Он возвращался к прежней манере разговора со мной. Я взмолилась:

— Не смейтесь надо мной, пожалуйста. Я знаю теперь намного больше, чем раньше.

— Вероятно, это относится к нам обоим. — Он помолчал немного. — А как вы посмотрите на то, чтобы разбить лагерь и передохнуть до рассвета?

Я знала, что он делает это ради меня, так как сам он мог бы при необходимости дойти до Сингапура. Но не стала привередничать, как это наверняка случилось бы еще пару дней назад.

— О, давайте! Вряд ли я смогу идти дальше без отдыха.

Керк очистил небольшой участок рядом с тропой. Из бамбука он соорудил каркас шалаша и накрыл его пальмовыми ветвями. Затем, собрав листву, настелил в шалаше пол, мягкий и относительно сухой. Я рухнула на него как подкошенная. Через несколько минут ко мне присоединился Керк. Он отыскал банан и набрал плодов. Мы лежали рядом и ели. Когда я меняла положение тела, наши ноги соприкасались.

— В действительности тигр не так уж и опасен, — заговорил Керк.

Он снова смотрел на меня так, будто на мне не было одежды. Под его внимательным взглядом я опустила глаза, но не шелохнулась.

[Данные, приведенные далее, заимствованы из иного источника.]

(* Let $\mathcal{C}$ be a closed assembler and $\mathcal{D}$ a subassembler which is a sieve in $\mathcal{C}$, and suppose that $\mathcal{C}$ has complements for all objects of $\mathcal{D}$. Let $\{f_i:A_i\to B\}_{i\in I}$ be a finite collection of morphisms in $\mathcal{C}$ such that $A_i\times_BA_{i'}\in\mathcal{D}$ for all $i\neq i'$. Then there exists a morphism $g:\{Z_k\}_{k\in K}\to\{A_i\}_{i\in I}$ in $\mathcal{W}(\mathcal{C})$ such that for all $k\neq k'$ in $K$ the morphisms $f_{g(k)}g_k$ and $f_{g(k')}g_{k'}$ are either equal or disjoint, and if they are equal then $g(k)\neq g(k')$.
   Context: An assembler is a small category with a Grothendieck topology satisfying: (I) there is an initial object $\varnothing$ covered by the empty family; (R) any two finite disjoint covering families of an object have a common refinement which is a finite disjoint covering family; (M) all morphisms are monomorphisms. Maps $A\to C$, $B\to C$ are disjoint if $A\times_CB$ exists and is initial. An assembler is closed if it has all pullbacks. A subassembler is a subcategory which is an assembler and whose inclusion is continuous and preserves the initial object and disjointness. A sieve is a full subcategory $\mathcal{D}$ such that whenever $A\to B$ is a morphism with $B\in\mathcal{D}$ then $A\in\mathcal{D}$. $\mathcal{C}$ has complements for $A$ if every morphism $A\to B$ belongs to a finite disjoint covering family of $B$. $\mathcal{W}(\mathcal{C})$ is the category whose objects are finite families $\{A_i\}_{i\in I}$ of noninitial objects, and whose morphisms $\{Z_k\}_{k\in K}\to\{A_i\}_{i\in I}$ are a map $g:K\to I$ with morphisms $g_k:Z_k\to A_{g(k)}$ such that for each $i$, $\{g_k\}_{k\in g^{-1}(i)}$ is a finite disjoint covering family of $A_i$. *)

theory Defs
  imports Main
begin

text \<open>A small category: a set of objects, a set of morphisms, domain/codomain,
identities and composition (Comp g f is g after f).\<close>

record ('o, 'm) cat =
  Ob :: "'o set"
  Mor :: "'m set"
  Dom :: "'m \<Rightarrow> 'o"
  Cod :: "'m \<Rightarrow> 'o"
  Id :: "'o \<Rightarrow> 'm"
  Comp :: "'m \<Rightarrow> 'm \<Rightarrow> 'm"

definition hom :: "('o, 'm) cat \<Rightarrow> 'o \<Rightarrow> 'o \<Rightarrow> 'm set" where
  "hom C X Y = {f \<in> Mor C. Dom C f = X \<and> Cod C f = Y}"
lemma signed_count_Cons_unblocked:
  assumes "g \<notin> set \<gamma>" "g \<noteq> r'" "g \<notin> blocked R"
  shows "signed_count R (g # \<gamma>) =
    (if \<exists>a\<in>R. adj a g then signed_count (insert g R) \<gamma> else 0)"
proof -
  have pair_terms: "signed_term R (g # \<gamma>) P + signed_term R (g # \<gamma>) (insert g P)
      = (if \<exists>a\<in>R. adj a g then signed_term (insert g R) \<gamma> P else 0)" if "P \<subseteq> set \<gamma>" for P
  proof (cases "r' \<in> P")
    case False
    then show ?thesis using assms(2) by (auto simp: signed_term_def admissible_def)
  next
    case True
    define f where "f = filter (\<lambda>x. x \<in> P) \<gamma>"
    define q where "q = filter (\<lambda>x. x \<notin> P) \<gamma>"
    have "set f = P" using that by (auto simp: f_def)
    then have "f \<noteq> []" using True by auto
    have "g \<notin> P" using that assms(1) by blast
    moreover have "finite P" using that finite_subset by blast
    ultimately have sign: "(-1::int) ^ (card (insert g P) + 1) = - ((-1) ^ (card P + 1))"
      by simp
    note filt = filter_Cons_notin[OF assms(1) that, folded f_def q_def]
    have without_g: "admissible R (g # \<gamma>) P \<longleftrightarrow> P \<inter> blocked R = {} \<and> last f = r'
        \<and> grows_from adj {r'} (tl (rev f)) \<and> (\<exists>a\<in>P \<union> R. adj a g)
        \<and> grows_from adj (insert g (P \<union> R)) q"
      unfolding admissible_def filt(1,3) using True by simp
    have with_g: "admissible R (g # \<gamma>) (insert g P) \<longleftrightarrow> P \<inter> blocked R = {} \<and> last f = r'
        \<and> grows_from adj {r'} (tl (rev f)) \<and> (\<exists>a\<in>P. adj a g)
        \<and> grows_from adj (insert g (P \<union> R)) q"
    proof -
      have "last f = r' \<Longrightarrow> insert r' (set (tl (rev f))) = P"
        using rev_eq_last_Cons[OF \<open>f \<noteq> []\<close>] \<open>set f = P\<close> by (metis list.simps(15) set_rev)
      moreover have "tl (rev (g # f)) = tl (rev f) @ [g]"
        using \<open>f \<noteq> []\<close> by (cases "rev f") auto
      ultimately show ?thesis
        unfolding admissible_def filt(2,4) using True assms(3) \<open>f \<noteq> []\<close>
        by (auto simp: grows_from_snoc)
    qed
    have extended: "admissible (insert g R) \<gamma> P \<longleftrightarrow> P \<inter> blocked R = {} \<and> \<not> (\<exists>a\<in>P. adj a g)
        \<and> last f = r' \<and> grows_from adj {r'} (tl (rev f)) \<and> grows_from adj (insert g (P \<union> R)) q"
      if "\<exists>a\<in>R. adj a g"
    proof -
      have "col g \<noteq> col r" using assms(3) that by (auto simp: blocked_def)
      then have "blocked (insert g R) = blocked R \<union> {v. adj g v}"
        using adj_col by (auto simp: blocked_def)
      then show ?thesis using True adj_sym by (auto simp: admissible_def f_def q_def)
    qed
    show ?thesis
      using without_g with_g extended sign by (auto simp: signed_term_def)
  qed
  have "signed_count R (g # \<gamma>) =
      (\<Sum>P\<in>Pow (set \<gamma>). if \<exists>a\<in>R. adj a g then signed_term (insert g R) \<gamma> P else 0)"
    unfolding signed_count_Cons[OF assms(1)] by (intro sum.cong) (auto simp: pair_terms)
  then show ?thesis by (simp add: signed_count_def)
qed
lemma perturbed_transition_matrix_integral_inequality:
  fixes A P :: "real \<Rightarrow> real^'n^'n"
  assumes contA: "continuous_on UNIV A" and PhiA: "is_transition_matrix A PhiA"
    and PhiT: "is_transition_matrix (\<lambda>t. A t + P t) PhiT"
    and growth: "nonuniform_bounded_growth PhiA K0 a \<epsilon>"
    and Pbound: "\<And>t. opnorm (P t) \<le> PP * exp (- p * \<bar>t\<bar>)"
    and "\<epsilon> \<le> p" and "s \<le> t"
  shows "opnorm (PhiT t s) \<le> K0 * exp (\<epsilon> * \<bar>s\<bar>) * exp (a * (t - s))
           + K0 * PP * integral {s..t} (\<lambda>r. exp (a * (t - r)) * opnorm (PhiT r s))"
proof -
  have bound_PhiA: "opnorm (PhiA t \<tau>) \<le> K0 * exp (\<epsilon> * \<bar>\<tau>\<bar>) * exp (a * \<bar>t - \<tau>\<bar>)" for t \<tau>
    using growth unfolding nonuniform_bounded_growth_def by blast
  have "0 \<le> K0 * PP"
    using nonuniform_bounded_growth_nonneg[OF growth] Pbound[of 0] opnorm_nonneg[of "P 0"] by simp
  have kernel: "opnorm (PhiA t r) * opnorm (P r) \<le> K0 * PP * exp (a * (t - r))" if "r \<le> t" for r
  proof -
    have "opnorm (PhiA t r) * opnorm (P r)
        \<le> (K0 * exp (\<epsilon> * \<bar>r\<bar>) * exp (a * (t - r))) * (PP * exp (- p * \<bar>r\<bar>))"
      using bound_PhiA[of t r] Pbound[of r] that
      by (intro mult_mono opnorm_nonneg) (auto intro: order_trans[OF opnorm_nonneg])
    also have "\<dots> = K0 * PP * exp (a * (t - r)) * exp ((\<epsilon> - p) * \<bar>r\<bar>)"
      by (simp add: algebra_simps flip: exp_add)
    also have "\<dots> \<le> K0 * PP * exp (a * (t - r))"
      using \<open>\<epsilon> \<le> p\<close> \<open>0 \<le> K0 * PP\<close> by (intro mult_left_le) (auto simp: mult_nonpos_nonneg)
    finally show ?thesis .
  qed
  have "opnorm (PhiT t s - PhiA t s)
      \<le> integral {s..t} (\<lambda>r. K0 * PP * (exp (a * (t - r)) * opnorm (PhiT r s)))"
  proof (rule opnorm_integral_le[OF variation_of_constants[OF contA PhiA PhiT \<open>s \<le> t\<close>]])
    show "(\<lambda>r. K0 * PP * (exp (a * (t - r)) * opnorm (PhiT r s))) integrable_on {s..t}"
      by (intro integrable_continuous_real continuous_intros continuous_on_opnorm
          continuous_on_transition_matrix[OF PhiT])
    show "opnorm (PhiA t r ** P r ** PhiT r s) \<le> K0 * PP * (exp (a * (t - r)) * opnorm (PhiT r s))"
      if "r \<in> {s..t}" for r
    proof -
      have "opnorm (PhiA t r ** P r ** PhiT r s) \<le> opnorm (PhiA t r ** P r) * opnorm (PhiT r s)"
        by (rule opnorm_matrix_mult_le)
      also have "\<dots> \<le> opnorm (PhiA t r) * opnorm (P r) * opnorm (PhiT r s)"
        by (intro mult_right_mono opnorm_matrix_mult_le opnorm_nonneg)
      also have "\<dots> \<le> K0 * PP * exp (a * (t - r)) * opnorm (PhiT r s)"
        using kernel[of r] that by (intro mult_right_mono opnorm_nonneg) auto
      finally show ?thesis
        by (simp add: ac_simps)
    qed
  qed
  moreover have "opnorm (PhiT t s) \<le> opnorm (PhiA t s) + opnorm (PhiT t s - PhiA t s)"
    using opnorm_triangle[of "PhiA t s" "PhiT t s - PhiA t s"] by simp
  moreover have "opnorm (PhiA t s) \<le> K0 * exp (\<epsilon> * \<bar>s\<bar>) * exp (a * (t - s))"
    using bound_PhiA[of t s] \<open>s \<le> t\<close> by simp
  ultimately show ?thesis
    by (simp add: mult.assoc)
qed

lemma perturbed_transition_matrix_growth_forward:
  fixes A P :: "real \<Rightarrow> real^'n^'n"
  assumes contA: "continuous_on UNIV A" and PhiA: "is_transition_matrix A PhiA"
    and PhiT: "is_transition_matrix (\<lambda>t. A t + P t) PhiT"
    and growth: "nonuniform_bounded_growth PhiA K0 a \<epsilon>"
    and Pbound: "\<And>t. opnorm (P t) \<le> PP * exp (- p * \<bar>t\<bar>)"
    and "\<epsilon> \<le> p" and "s \<le> t"
  shows "opnorm (PhiT t s) \<le> K0 * exp ((a + K0 * PP) * (t - s) + \<epsilon> * \<bar>s\<bar>)"
proof -
  define u where "u r = exp (- a * (r - s)) * opnorm (PhiT r s)" for r
  have "u t \<le> K0 * exp (\<epsilon> * \<bar>s\<bar>) * exp (K0 * PP * (t - s))"
  proof (rule gronwall_integral_bound[OF \<open>s \<le> t\<close>])
    show "0 \<le> K0 * PP"
      using nonuniform_bounded_growth_nonneg[OF growth] Pbound[of 0] opnorm_nonneg[of "P 0"] by simp
    show "continuous_on {s..t} u"
      unfolding u_def by (intro continuous_intros continuous_on_opnorm continuous_on_transition_matrix[OF PhiT])
    show "u \<tau> \<le> K0 * exp (\<epsilon> * \<bar>s\<bar>) + K0 * PP * integral {s..\<tau>} u" if "\<tau> \<in> {s..t}" for \<tau>
    proof -
      define R where "R = K0 * exp (\<epsilon> * \<bar>s\<bar>) + K0 * PP * integral {s..\<tau>} u"
      have exponent: "a * (\<tau> - s) + - a * (r - s) = a * (\<tau> - r)" for r
        by (simp add: algebra_simps)
      have "exp (a * (\<tau> - s)) * u r = exp (a * (\<tau> - r)) * opnorm (PhiT r s)" for r
        unfolding u_def mult.assoc[symmetric] exp_add[symmetric] exponent ..
      then have "(\<lambda>r. exp (a * (\<tau> - r)) * opnorm (PhiT r s)) = (\<lambda>r. exp (a * (\<tau> - s)) * u r)"
        by simp
      then have "opnorm (PhiT \<tau> s) \<le> exp (a * (\<tau> - s)) * R"
        using perturbed_transition_matrix_integral_inequality[OF contA PhiA PhiT growth Pbound
            \<open>\<epsilon> \<le> p\<close>, of s \<tau>] that
        by (simp add: R_def algebra_simps)
      then have "u \<tau> \<le> exp (- a * (\<tau> - s)) * (exp (a * (\<tau> - s)) * R)"
        unfolding u_def by (rule mult_left_mono) simp
      also have "\<dots> = R"
        by (simp add: mult.assoc[symmetric] flip: exp_add)
      finally show ?thesis
        unfolding R_def .
    qed
  qed
  have "opnorm (PhiT t s) = exp (a * (t - s)) * u t"
    by (simp add: u_def mult.assoc[symmetric] flip: exp_add)
  also have "\<dots> \<le> exp (a * (t - s)) * (K0 * exp (\<epsilon> * \<bar>s\<bar>) * exp (K0 * PP * (t - s)))"
    using \<open>u t \<le> _\<close> by simp
  also have "\<dots> = K0 * exp ((a + K0 * PP) * (t - s) + \<epsilon> * \<bar>s\<bar>)"
    by (simp add: algebra_simps flip: exp_add)
  finally show ?thesis .
qed

lemma perturbed_transition_matrix_growth_backward:
  fixes A P :: "real \<Rightarrow> real^'n^'n"
  assumes contA: "continuous_on UNIV A" and PhiA: "is_transition_matrix A PhiA"
    and PhiT: "is_transition_matrix (\<lambda>t. A t + P t) PhiT"
    and growth: "nonuniform_bounded_growth PhiA K0 a \<epsilon>"
    and Pbound: "\<And>t. opnorm (P t) \<le> PP * exp (- p * \<bar>t\<bar>)"
    and "\<epsilon> \<le> p" and "t \<le> s"
  shows "opnorm (PhiT t s) \<le> K0 * exp ((a + K0 * PP) * (s - t) + \<epsilon> * \<bar>s\<bar>)"
proof -
  have "opnorm (PhiT (- (- t)) (- (- s))) \<le> K0 * exp ((a + K0 * PP) * (- t - - s) + \<epsilon> * \<bar>- s\<bar>)"
  proof (rule perturbed_transition_matrix_growth_forward[where A = "\<lambda>t. - A (- t)" and P = "\<lambda>t. - P (- t)"])
    show "continuous_on UNIV (\<lambda>t. - A (- t))"
      by (intro continuous_on_minus continuous_on_compose2[OF contA]) (auto intro: continuous_intros)
    show "is_transition_matrix (\<lambda>t. - A (- t)) (\<lambda>t s. PhiA (- t) (- s))"
      by (rule is_transition_matrix_reflect[OF PhiA])
    show "is_transition_matrix (\<lambda>t. - A (- t) + - P (- t)) (\<lambda>t s. PhiT (- t) (- s))"
      using is_transition_matrix_reflect[OF PhiT] by (simp add: add.commute)
    show "nonuniform_bounded_growth (\<lambda>t s. PhiA (- t) (- s)) K0 a \<epsilon>"
      by (rule nonuniform_bounded_growth_reflect[OF growth])
    show "opnorm (- P (- t)) \<le> PP * exp (- p * \<bar>t\<bar>)" for t
      using Pbound[of "- t"] by (simp add: opnorm_minus)
  qed (use \<open>\<epsilon> \<le> p\<close> \<open>t \<le> s\<close> in auto)
  then show ?thesis
    by simp
qed

theorem mainTheorem1:
  fixes A P :: "real \<Rightarrow> real^'n^'n"
    and PhiA PhiT :: "real \<Rightarrow> real \<Rightarrow> real^'n^'n"
    and K0 a \<epsilon> PP p :: real
  assumes contA: "continuous_on UNIV A"
    and contP: "continuous_on UNIV P"
    and PhiA: "is_transition_matrix A PhiA"
    and PhiT: "is_transition_matrix (\<lambda>t. A t + P t) PhiT"
    and K0: "K0 > 0" and a: "a > 0" and eps: "\<epsilon> > 0"
    and growth: "nonuniform_bounded_growth PhiA K0 a \<epsilon>"
    and PP: "PP > 0" and p: "p > 0"
    and Pbound: "\<forall>t. opnorm (P t) \<le> PP * exp (- p * \<bar>t\<bar>)"
    and peps: "p > \<epsilon>"
  shows "\<forall>t1 t2. opnorm (PhiT t2 t1) \<le> K0 * exp ((a + K0 * PP) * \<bar>t2 - t1\<bar> + \<epsilon> * \<bar>t1\<bar>)"
proof (intro allI)
  fix t1 t2 :: real
  have Pbound': "opnorm (P t) \<le> PP * exp (- p * \<bar>t\<bar>)" for t
    using Pbound by blast
  show "opnorm (PhiT t2 t1) \<le> K0 * exp ((a + K0 * PP) * \<bar>t2 - t1\<bar> + \<epsilon> * \<bar>t1\<bar>)"
    using perturbed_transition_matrix_growth_forward[OF contA PhiA PhiT growth Pbound', of t1 t2]
      perturbed_transition_matrix_growth_backward[OF contA PhiA PhiT growth Pbound', of t2 t1] peps
    by (cases "t1 \<le> t2") simp_all
qed

end
(* Let $H(x)=\cos x$ for $|x|\le\pi/2$ and $H(x)=0$ for $|x|\ge\pi/2$. Let $(\lambda_n)_{n\in\mathbb{Z}}$ be a strictly increasing sequence of real numbers satisfying $\lambda_{n+2}-\lambda_n\ge\pi$ for all $n\in\mathbb{Z}$. Then for every finitely supported sequence $(a_n)_{n\in\mathbb{Z}}$ of real numbers, the function $G(x)=\sum_n a_n H^2(x+\lambda_n)$ satisfies \[ \int_{-\infty}^{\infty}|G'(x)|^2\,dx\le 4\int_{-\infty}^{\infty}|G(x)|^2\,dx . \]
   Context: $H^2(x)=(H(x))^2$. *)

theory Defs
  imports "HOL-Analysis.Analysis"
begin

definition H :: "real \<Rightarrow> real" where
  "H x = (if \<bar>x\<bar> \<le> pi / 2 then cos x else 0)"

end

theory Submission imports Defs begin

(* Write h = H^2, so that h' = -2 sin(x) H(x) is continuous, and away from the two kinks
   x = +-pi/2 we have h'' = 2 chi - 4 h, where chi is the indicator of (-pi/2, pi/2).
   For G = sum a_n h(. + lam_n) put P = sum a_n chi(. + lam_n); then G'' = 2P - 4G
   except at finitely many points, and G, G' vanish outside a bounded interval.
   Integration by parts gives   int G'^2 = - int G G'' = 4 int G^2 - 2 int P G,
   so it suffices to show  int P G >= 0.  Now int P G = sum_{n,m} a_n a_m d(n,m) with
   d(n,m) = int chi(x + lam_n) h(x + lam_m).  The gap condition lam_{n+2} - lam_n >= pi
   implies that at each point at most one other translate overlaps a given one, which
   makes the symmetric, entrywise nonnegative matrix d diagonally dominant, hence
   positive semidefinite. *)

section \<open>The profile \<open>H\<^sup>2\<close> and its derivatives\<close>

definition Hsq :: "real \<Rightarrow> real" where
  "Hsq y = (H y)\<^sup>2"

definition dHsq :: "real \<Rightarrow> real" where
  "dHsq y = - 2 * sin y * H y"

definition chi :: "real \<Rightarrow> real" where
  "chi y = (if \<bar>y\<bar> < pi/2 then 1 else 0)"

text \<open>The profile is continuous because \<open>cos\<close> vanishes at the kinks \<open>\<plusminus>pi/2\<close>.\<close>
lemma cos_at_kink: "\<bar>y\<bar> = pi/2 \<Longrightarrow> cos y = 0"
  by (metis cos_abs_real cos_pi_half)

— Настоящий король джунглей — буйвол. Даже тигры редко нападают на него. Малайская легенда гласит, что, когда он дряхлеет, тигр заводит с ним дружбу до тех пор, пока буйвол держится на ногах. А потом тигр его, конечно, задирает.

Меня передернуло.

— Неужели жизнь на Земле всегда будет такой жестокой?

— У тигра, по крайней мере, для жестокости есть прагматический предлог. Зачем ему меняться?

— А как насчет нас, людей? — пробормотала я. — Мы-то меняемся. Но как и почему?..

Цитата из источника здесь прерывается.